Enroot sounds interesting:

It basically returns containers to their chroot origins, promising "no performance overhead." I'm looking forward to more posts on that.

bcatanzaro · on Oct 2, 2020

My team at NVIDIA uses enroot extensively. It's been really nice. We build containers using Docker but then run them with enroot.

fulafel · on Oct 2, 2020

What performance overhead does this avoid compared to other container runtimes?

Another aspect, the "unprivileged "part sounds like an advantage over Docker, on par with podman and lxd etc.

gnufx · on Oct 2, 2020

What's the advantage of enroot over charliecloud, which is unprivileged in the sense of being installable in your home directory (given user namespaces)? https://hpc.github.io/charliecloud/

exxo_ · on Oct 3, 2020

It is the same idea, we actually considered it at first. There are some differences in the implementation though and we built enroot with the idea of being more extensible. We also have a plugin for SLURM (https://github.com/NVIDIA/pyxis)

exxo_ · on Oct 3, 2020

There are several things that can impact performance on "traditional" container runtimes. For example, cgroups, LSMs, seccomp (especially with spectre mitigations), network NS/bridges, etc. There are also more subtle things like being able to do CMA, or deal with shared memory. Most runtimes let you opt out but this becomes difficult to manage and secure with multiple users.

kernelsanderz · on Oct 3, 2020

I was originally appalled at the software limiting. But according to Tim Dettmers who has a solid record of predicting and comparing NVIDIA cards for deep learning performance, it's not really a big deal.

You can read his analysis here: https://timdettmers.com/2020/09/07/which-gpu-for-deep-learni...

and his tweet about this here: https://twitter.com/Tim_Dettmers/status/1311354118514982912

Essentially from my understanding it's memory bandwidth which is the real critical path on performance in most cases.
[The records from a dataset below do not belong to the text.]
(* Let $m\ge1$, $n\ge1$, $N>2n$, let $\Sigma_0,\dots,\Sigma_n\in\mathbb R^{m\times m}$ and let $\mathbf T_n$ be the block-Toeplitz matrix whose $(i,j)$ block ($i,j=0,\dots,n$) is $\Sigma_{i-j}$ if $i\ge j$ and $\Sigma_{j-i}^\top$ if $i<j$. Assume there exists a symmetric positive definite $mN\times mN$ matrix $\bar{\boldsymbol\Sigma}_N$ with $E_n^\top\bar{\boldsymbol\Sigma}_NE_n=\mathbf T_n$ and $\mathbf U_N^\top\bar{\boldsymbol\Sigma}_N\mathbf U_N=\bar{\boldsymbol\Sigma}_N$. Let $(\Lambda_k,\Theta_k)$, $k\ge1$, be a sequence in $\mathcal L_+$ with $\|(\Lambda_k,\Theta_k)\|\to\infty$. Then $\|A(\Lambda_k,\Theta_k)\|\to\infty$, and consequently $J(\Lambda_k,\Theta_k)\to\infty$, where $J(\Lambda,\Theta)=\operatorname{Tr}(\Lambda\mathbf T_n)-\log\det A(\Lambda,\Theta)$.
   Context: $\mathfrak S_k$ denotes the space of real symmetric $mk\times mk$ matrices. $E_n$ is the $mN\times m(n+1)$ matrix with $N\times(n+1)$ blocks of size $m\times m$ whose $(i,i)$ blocks ($i=1,\dots,n+1$) are $I_m$ and other blocks $0$. $\mathbf U_N$ is the $mN\times mN$ block shift matrix whose $(i,i+1)$ blocks ($i=1,\dots,N-1$) and $(N,1)$ block are $I_m$, others $0$. The linear map $A:\mathfrak S_{n+1}\times\mathfrak S_N\to\mathfrak S_N$ is $A(\Lambda,\Theta)=E_n\Lambda E_n^\top+\mathbf U_N\Theta\mathbf U_N^\top-\Theta$, and $\mathcal L_+=\{(\Lambda,\Theta)\in(\ker A)^\perp:A(\Lambda,\Theta)>0\}$, orthogonality and norms being with respect to the Frobenius-type inner product $\langle(\Lambda_1,\Theta_1),(\Lambda_2,\Theta_2)\rangle=\operatorname{Tr}(\Lambda_1\Lambda_2)+\operatorname{Tr}(\Theta_1\Theta_2)$ (any norms may be used since all spaces are finite-dimensional). *)

theory Defs
  imports Complex_Main "Jordan_Normal_Form.Matrix" "Jordan_Normal_Form.Determinant"
begin

(* All block indices are 0-based: blocks are m x m, block (p,q) of a matrix M
   consists of entries (p*m + a, q*m + b), a,b < m. *)

definition mtrace :: "real mat \<Rightarrow> real" where
  "mtrace M = (\<Sum>i<dim_row M. M $$ (i,i))"

definition fro :: "real mat \<Rightarrow> real" where
  "fro M = sqrt (\<Sum>i<dim_row M. \<Sum>j<dim_col M. (M $$ (i,j))^2)"

definition symS :: "nat \<Rightarrow> nat \<Rightarrow> real mat set" where
  "symS m k = {M. M \<in> carrier_mat (m*k) (m*k) \<and> transpose_mat M = M}"

definition posdef :: "nat \<Rightarrow> real mat \<Rightarrow> bool" where
  "posdef k M \<longleftrightarrow> M \<in> carrier_mat k k \<and> transpose_mat M = M \<and>
     (\<forall>v\<in>carrier_vec k. v \<noteq> 0\<^sub>v k \<longrightarrow> v \<bullet> (M *\<^sub>v v) > 0)"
The previous generation of Turing cards had more compute than was necessary so they were an underutilized resource.

Also, this Puget benchmark is using an older version of the CUDA drivers. I believe performance is much better in CUDA 11.1.

This new benchmark which is running on the latest CUDA seems to confirm Tim's numbers: https://www.evolution.ai/post/benchmarking-deep-learning-wor...

bitL · on Oct 2, 2020

When I first read the review, I couldn't understand why the author was mentioning that FP16 will surely be improved by new drivers despite not understanding that FP16 TFlops are exactly the same as FP32, tensor cores were nerfed and FP32 accumulate set to 0.5x speed, instead of Titan RTX's 1x. I'd say the results are as good as it gets, if you want a better performance, wait for Ampere Titan or Quadro.

vimy · on Oct 2, 2020

I was under the impression the 3090 is the Titan of this generation.

spott · on Oct 2, 2020

I was as well, until I saw the Linus Tech Tips review of it: the drivers are (were?) missing support for some Titan optimizations -- the Titan RTX significantly beat the 3090 for a few benchmarks.

If the card doesn't have these optimizations, I would expect that an actual 30 series Titan is coming at some point... But the marketing has been really confusing, so who the hell knows.

nightski · on Oct 2, 2020

Not only that they gimped the tensor cores. While it has way more shading units it only has 60% of the tensor cores that the Titan RTX has. I'm not sure how much of a difference this makes in practice, but it leads me to believe this is not the titan level card.

StrangeDoctor · on Oct 2, 2020

It’s typically problematic to compare cores across generations. They are pretty different in 30xx vs 20xx. Half as many but roughly twice as fast in most tasks.

pbalau · on Oct 2, 2020

20xx had 2060 - low end, 2070 - mid, 2080 - high. The 3000 have 3070, 3080 and 3090. It looks to me that 3090 is the equivalent of 2080 (TI or super or what have you), not a step above (name wise).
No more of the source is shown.